Oleh : Mira Susilawati (Mahasiswi IAIN Samarinda)
Kita ketahui akhir-akhir ini banyak aksi demonstrasi atau unjuk rasa dihampir seluruh wilayah Indonesia. Demonstrasi terkait pengesahan undang-undang cipta kerja atau dikenal dengan Omnibus Law.
Indonesia adalah negara demokrasi, yang dimana warga negaranya memiliki hak yang setara. Berperan aktif dalam melakukan pengawasan terhadap produk produk hukum yang dibuat oleh Negara, baik itu DPR maupun Presiden.
Negara yang menganut sistem demokrasi, tidak akan asing dengan adanya istilah demonstrasi atau unjuk rasa. Demonstrasi merupakan salah satu cara rakyat untuk menyuarakan pemikiran atau aspirasi mereka secara bebas di muka umum kepada pemerintah.
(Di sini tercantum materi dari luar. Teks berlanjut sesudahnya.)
(* Let $\phi_*\in(0,\pi/2)$, $R\ge r=1$, and consider the billiard map on $Q(\phi_*,R)$. For $x\in M_r$ with $n_1=0$, writing $\tau_0=|p(x_0)p(x_1)|$ and $\tau_1=|p(x_1)p(x_2)|$, one has $\tau_0+\tau_1>2d_0$, $\tau_0+\tau_1>2d_2$, and hence $\tau_0+\tau_1>d_0+d_2$.
   Context: Setting: $r=1$, $Q(\phi_*,R)=D(O_r,r)\cap D(O_R,R)$ with $|O_rO_R|=\sqrt{R^2-r^2\sin^2\phi_*}-r\cos\phi_*$; its boundary consists of $\Gamma_r$ (the major arc of $\partial D(O_r,r)$ with position angles $[\phi_*,2\pi-\phi_*]$) and $\Gamma_R\subset\partial D(O_R,R)$. Phase space $M=M_r\sqcup M_R$, coordinates $(\phi,\theta)$ with $\theta\in(0,\pi)$ the angle from the positive tangent direction; $p(x)$ the base point; $F$ the billiard map. $M_r^{out}=M_r\cap F^{-1}(M_R)$, $M_R^{out}=M_R\cap F^{-1}(M_r)$. For $x\in M_r$: $x_0=F^{n_0}x$ with $n_0=\inf\{n\ge0:F^nx\in M_r^{out}\}$, $x_1=Fx_0$, $n_1=\inf\{n\ge0:F^nx_1\in M_R^{out}\}$, $x_2=F^{n_1+1}x_1$; $d_0=r\sin\theta(x_0)$, $d_2=r\sin\theta(x_2)$. *)

theory Defs
  imports "HOL-Analysis.Analysis"
begin

(* Plane = complex numbers.  r = 1, O_r = 0.  Parameters: phs = phi_*, R. *)

text \<open>Centre of the big disc: on the real axis at distance
  sqrt(R^2 - sin^2 phi_*) - cos phi_* from O_r = 0, on the side opposite to the
  cap, so that the two circles meet at the points cis(+-phi_*).\<close>
definition O_R :: "real \<Rightarrow> real \<Rightarrow> complex" where
  "O_R phs R = complex_of_real (- (sqrt (R\<^sup>2 - (sin phs)\<^sup>2) - cos phs))"

definition Qset :: "real \<Rightarrow> real \<Rightarrow> complex set" where
  "Qset phs R = {z. cmod z \<le> 1 \<and> cmod (z - O_R phs R) \<le> R}"

definition ang2pi :: "complex \<Rightarrow> real" where
  "ang2pi z = (if Arg z < 0 then Arg z + 2 * pi else Arg z)"

definition Gamma_r :: "real \<Rightarrow> complex set" where
  "Gamma_r phs = {z. cmod z = 1 \<and> phs \<le> ang2pi z \<and> ang2pi z \<le> 2 * pi - phs}"

text \<open>Half opening angle of Gamma_R seen from O_R (position angle of the corner cis phi_*).\<close>
definition psistar :: "real \<Rightarrow> real \<Rightarrow> real" where
  "psistar phs R = Arg ((cis phs - O_R phs R) / complex_of_real R)"

datatype side = Sr | SR

text \<open>Phase point: (component, position angle on the respective circle, theta).
  On M_r the position angle is phi (around O_r); on M_R it is the position angle
  psi around O_R.  theta in (0,pi) is the angle from the positive (counterclockwise)
  tangent direction to the outgoing velocity.\<close>
type_synonym bstate = "side \<times> real \<times> real"

definition Mr :: "real \<Rightarrow> bstate set" where
  "Mr phs = {(s, \<phi>, \<theta>). s = Sr \<and> phs \<le> \<phi> \<and> \<phi> \<le> 2 * pi - phs \<and> 0 < \<theta> \<and> \<theta> < pi}"

definition MR :: "real \<Rightarrow> real \<Rightarrow> bstate set" where
  "MR phs R = {(s, \<psi>, \<theta>). s = SR \<and> - psistar phs R < \<psi> \<and> \<psi> < psistar phs R \<and> 0 < \<theta> \<and> \<theta> < pi}"
lemma card_rack_embeddings_decomposition:
  assumes "rack R op" "finite R" "decomposition R op A B" "rack C op" "connected_rack C op"
    "finite C"
  shows "card (rack_embeddings C R op op) =
    card (rack_embeddings C A op op) + card (rack_embeddings C B op op)"
proof -
  have parts: "A \<subseteq> R" "B \<subseteq> R" "A \<inter> B = {}" "A \<union> B = R"
    using assms(3) unfolding decomposition_def subrack_def by auto
  have "rack_embeddings C R op op = rack_embeddings C A op op \<union> rack_embeddings C B op op"
  proof
    show "rack_embeddings C R op op \<subseteq> rack_embeddings C A op op \<union> rack_embeddings C B op op"
      using connected_hom_image_in_one_part[OF assms(1,3-5)] unfolding rack_embeddings_def by blast
  qed (use rack_embeddings_mono parts in blast)
  moreover have "rack_embeddings C A op op \<inter> rack_embeddings C B op op = {}"
  proof -
    obtain c where "c \<in> C" using assms(5) unfolding connected_rack_def by blast
    then show ?thesis using parts(3) unfolding rack_embeddings_def by blast
  qed
  moreover have "finite (rack_embeddings C A op op)" "finite (rack_embeddings C B op op)"
    using finite_rack_embeddings assms(2,6) parts(1,2) finite_subset by metis+
  ultimately show ?thesis by (simp add: card_Un_disjoint)
qed

lemma restrict_comp_rack_embeddings:
  assumes "rack C opC" "g \<in> rack_embeddings X Y opX opY" "f \<in> rack_embeddings C X opC opX"
  shows "restrict (g \<circ> f) C \<in> rack_embeddings C Y opC opY"
proof -
  have f: "inj_on f C" "f ` C \<subseteq> X" "\<forall>a\<in>C. \<forall>b\<in>C. f (opC a b) = opX (f a) (f b)"
    and g: "inj_on g X" "g ` X \<subseteq> Y" "\<forall>a\<in>X. \<forall>b\<in>X. g (opX a b) = opY (g a) (g b)"
    using assms(2,3) unfolding rack_embeddings_def by auto
  have "inj_on (g \<circ> f) C" using f g by (simp add: comp_inj_on inj_on_subset)
  moreover have "(g \<circ> f) (opC a b) = opY ((g \<circ> f) a) ((g \<circ> f) b)" if "a \<in> C" "b \<in> C" for a b
  proof -
    have "f a \<in> X" "f b \<in> X" using f(2) that by auto
    then show ?thesis using f(3) g(3) that by simp
  qed
  ultimately show ?thesis
    using f(2) g(2) rack_closed[OF assms(1)] unfolding rack_embeddings_def
    by (auto simp: inj_on_def image_subset_iff)
qed

lemma card_rack_embeddings_le:
  assumes "rack C opC" "finite (rack_embeddings C Y opC opY)"
    and g: "g \<in> rack_embeddings X Y opX opY"
  shows "card (rack_embeddings C X opC opX) \<le> card (rack_embeddings C Y opC opY)"
proof (rule card_inj_on_le[OF _ _ assms(2)])
  let ?compose = "\<lambda>f. restrict (g \<circ> f) C"
  show "?compose ` rack_embeddings C X opC opX \<subseteq> rack_embeddings C Y opC opY"
    using restrict_comp_rack_embeddings[OF assms(1) g] by blast
  show "inj_on ?compose (rack_embeddings C X opC opX)"
  proof (rule inj_onI)
    fix f1 f2
    assume f: "f1 \<in> rack_embeddings C X opC opX" "f2 \<in> rack_embeddings C X opC opX"
      and eq: "?compose f1 = ?compose f2"
    have "f1 x = f2 x" if "x \<in> C" for x
    proof -
      have "g (f1 x) = g (f2 x)" using eq that by (metis comp_apply restrict_apply')
      moreover have "f1 x \<in> X" "f2 x \<in> X" using f that unfolding rack_embeddings_def by auto
      moreover have "inj_on g X" using g unfolding rack_embeddings_def by simp
      ultimately show ?thesis by (simp add: inj_on_eq_iff)
    qed
    moreover have "f1 \<in> extensional C" "f2 \<in> extensional C"
      using f unfolding rack_embeddings_def by simp_all
    ultimately show "f1 = f2" by (simp add: extensionalityI)
  qed
qed

lemma rack_iso_embedding:
  assumes "rack X opX" "rack_iso X opX Y opY"
  obtains g where "g \<in> rack_embeddings X Y opX opY"
proof -
  obtain g where "bij_betw g X Y" "\<forall>a\<in>X. \<forall>b\<in>X. g (opX a b) = opY (g a) (g b)"
    using assms(2) unfolding rack_iso_def by blast
  then have "restrict g X \<in> rack_embeddings X Y opX opY"
    using rack_closed[OF assms(1)] unfolding rack_embeddings_def bij_betw_def inj_on_def by auto
  then show thesis using that by blast
qed

lemma rack_iso_sym:
  assumes "rack X opX" "rack_iso X opX Y opY"
  shows "rack_iso Y opY X opX"
proof -
  obtain g where g: "bij_betw g X Y" "\<forall>a\<in>X. \<forall>b\<in>X. g (opX a b) = opY (g a) (g b)"
    using assms(2) unfolding rack_iso_def by blast
  let ?g' = "inv_into X g"
  have "?g' (opY a b) = opX (?g' a) (?g' b)" if "a \<in> Y" "b \<in> Y" for a b
  proof -
    have "?g' a \<in> X" "?g' b \<in> X" "g (?g' a) = a" "g (?g' b) = b"
      using that g(1) by (auto simp: bij_betw_def inv_into_into f_inv_into_f)
    then have "opY a b = g (opX (?g' a) (?g' b))" using g(2) by metis
    then show ?thesis
      using g(1) rack_closed[OF assms(1) \<open>?g' a \<in> X\<close> \<open>?g' b \<in> X\<close>]
      by (simp add: bij_betw_def inv_into_f_f)
  qed
  then show ?thesis using bij_betw_inv_into[OF g(1)] unfolding rack_iso_def by blast
qed

lemma card_rack_embeddings_iso:
  assumes "rack C opC" "finite C" "rack X opX" "rack Y opY" "finite X" "finite Y"
    and "rack_iso X opX Y opY"
  shows "card (rack_embeddings C X opC opX) = card (rack_embeddings C Y opC opY)"
proof (rule antisym)
  obtain g where "g \<in> rack_embeddings X Y opX opY"
    using assms(3,7) by (rule rack_iso_embedding)
  then show "card (rack_embeddings C X opC opX) \<le> card (rack_embeddings C Y opC opY)"
    using card_rack_embeddings_le[OF assms(1) finite_rack_embeddings[OF assms(2,6)]] by blast
  obtain g' where "g' \<in> rack_embeddings Y X opY opX"
    using assms(4) rack_iso_sym[OF assms(3,7)] by (rule rack_iso_embedding)
  then show "card (rack_embeddings C Y opC opY) \<le> card (rack_embeddings C X opC opX)"
    using card_rack_embeddings_le[OF assms(1) finite_rack_embeddings[OF assms(2,5)]] by blast
qed

lemma restrict_id_rack_embeddings:
  "rack C op \<Longrightarrow> restrict id C \<in> rack_embeddings C C op op"
  unfolding rack_embeddings_def by (auto simp: inj_on_def rack_closed)

lemma rack_embeddings_nonempty_of_iso_complements:
  assumes "rack R op" "finite R"
    and d1: "decomposition R op S1 T1" and d2: "decomposition R op S2 T2"
    and "rack_iso T1 op T2 op" "connected_rack S1 op"
  shows "rack_embeddings S1 S2 op op \<noteq> {}"
proof -
  have racks: "rack S1 op" "rack T1 op" "rack T2 op"
    using decomposition_rack[OF assms(1)] d1 d2 decomposition_sym by blast+
  have finite: "finite S1" "finite S2" "finite T1" "finite T2"
    using assms(2) decompositionD(1)[OF d1] decompositionD(1)[OF d2] by (metis finite_Un)+
  have "card (rack_embeddings S1 S1 op op) + card (rack_embeddings S1 T1 op op) =
    card (rack_embeddings S1 S2 op op) + card (rack_embeddings S1 T2 op op)"
    using card_rack_embeddings_decomposition[OF assms(1,2) _ racks(1) assms(6) finite(1)] d1 d2
    by metis
  moreover have "card (rack_embeddings S1 T1 op op) = card (rack_embeddings S1 T2 op op)"
    using card_rack_embeddings_iso[OF racks(1) finite(1) racks(2,3) finite(3,4) assms(5)] .
  moreover have "card (rack_embeddings S1 S1 op op) > 0"
    using restrict_id_rack_embeddings[OF racks(1)] finite_rack_embeddings[OF finite(1,1)]
    by (metis card_gt_0_iff empty_iff)
  ultimately show ?thesis by fastforce
qed

lemma rack_iso_of_embeddings:
  assumes "finite X" "finite Y"
    and "f \<in> rack_embeddings X Y opX opY" "g \<in> rack_embeddings Y X opY opX"
  shows "rack_iso X opX Y opY"
proof -
  have f: "inj_on f X" "f ` X \<subseteq> Y" "\<forall>a\<in>X. \<forall>b\<in>X. f (opX a b) = opY (f a) (f b)"
    using assms(3) unfolding rack_embeddings_def by blast+
  have "card Y \<le> card X"
    using assms(1,4) unfolding rack_embeddings_def by (blast intro: card_inj_on_le)
  then have "f ` X = Y"
    using f(1,2) assms(2) by (metis card_image card_seteq)
  then show ?thesis using f unfolding rack_iso_def bij_betw_def by blast
qed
Demonstrasi sah dilakukan apabila sudah sesuai dengan ketentuan yang berlaku.
Kebebasan rakyat dalam menyampaikan pendapat telah tertuang dalam Undang-undang Dasar 1945 pasal 28 yang berisi “Kemerdekaan berserikat dan berkumpul, mengeluarkan pikiran dengan lisan dan tulisan dan sebagainya ditetapkan dengan Undang-Undang”. Pasal ini menyatakan bahwa warga negara memiliki hak untuk menyampaikan pendapat maupun aspirasi melalui unjuk rasa atau demonstrasi, pawai, rapat umum dan mimbar bebas.
Dalam Deklarasi Universal Hak Asasi Manusia pasal 9 juga tertulis “Setiap orang berhak atas kebebasan mempunyai pendapat dengan tidak mendapat gangguan dan untuk mencari, menerima dan menyampaikan keterangan dan pendapat dengan cara apapun juga dengan tidak memandang batas-batas”.
Salah satu diantara banyaknya alasan terjadinya demonstrasi adalah, karena rakyat merasa adanya ketidakjelasan atau ketidakadilan yang terjadi didalam pemerintahan yang dinilai merugikan rakyat. Namun aksi demonstrasi ini justru identik dengan anarkis, ricuh dan tawuran antar demonstran dengan aparat hukum.
Aksi demonstrasi yang seharusnya menjadi tempat menyampaikan aspirasi, berubah menjadi medan tempur yang akhirnya banyak membuat pihak-pihak dirugikan, mulai dari berupa harta, kerusakan, ketidaknyamanan bahkan sampai nyawa. Tak jarang banyak orang tua yang melarang anaknya untuk ikut aksi, karena demonstrasi yang mereka maknai hanya berisi kekerasan seakan-akan anaknya akan terjun ke dalam medan pertempuran.
Dalam Peraturan Kapolri Nomor 7 Tahun 2012 Tentang Tata Cara Penyelenggaraan Pelayanan, Pengamanan dan Penanganan Perkara Penyampaian Pendapat di Muka Umum, ada beberapa jenis demo yang dilarang:
1. Demo yang menyatakan permusuhan, kebencian dan penghinaan.
2. Demo di lingkungan istana kepresidenan.
3. Demo di luar waktu yang ditentukan.
4. Demo tanpa pemberitahuan tertulis kepada polri.
5. Demo yang melibatkan benda-benda yang membahayakan.
Seharusnya dalam menyampaikan pendapatnya di muka umum diperlukan adanya timbal balik. Yaitu adanya kewajiban dan tanggungjawab. Sebagai warga negara, kewajiban dan tanggungjawab yang harus dilaksanakan dalam demonstrasi antara lain, menghormati hak-hak dan kebebasan orang lain, menghormati aturan-aturan moral yang diakui umum, menaati hukum dan ketentuan peraturan perundang-undangan yang berlaku dan menjaga keutuhan persatuan dan kesatuan (Sudah diatur dalam pasal 6 Undang-undang Nomor 9 tahun 1998 Tentang Kemerdekaan Menyampaikan Pendapat di Muka Umum).
Dengan begitu apabila sebuah kewajiban telah dilaksanakan dengan tanggungjawabnya maka ia akan mendapatkan haknya sebagai warga negara dan kegiatan demo akan terlaksana dengan tertib.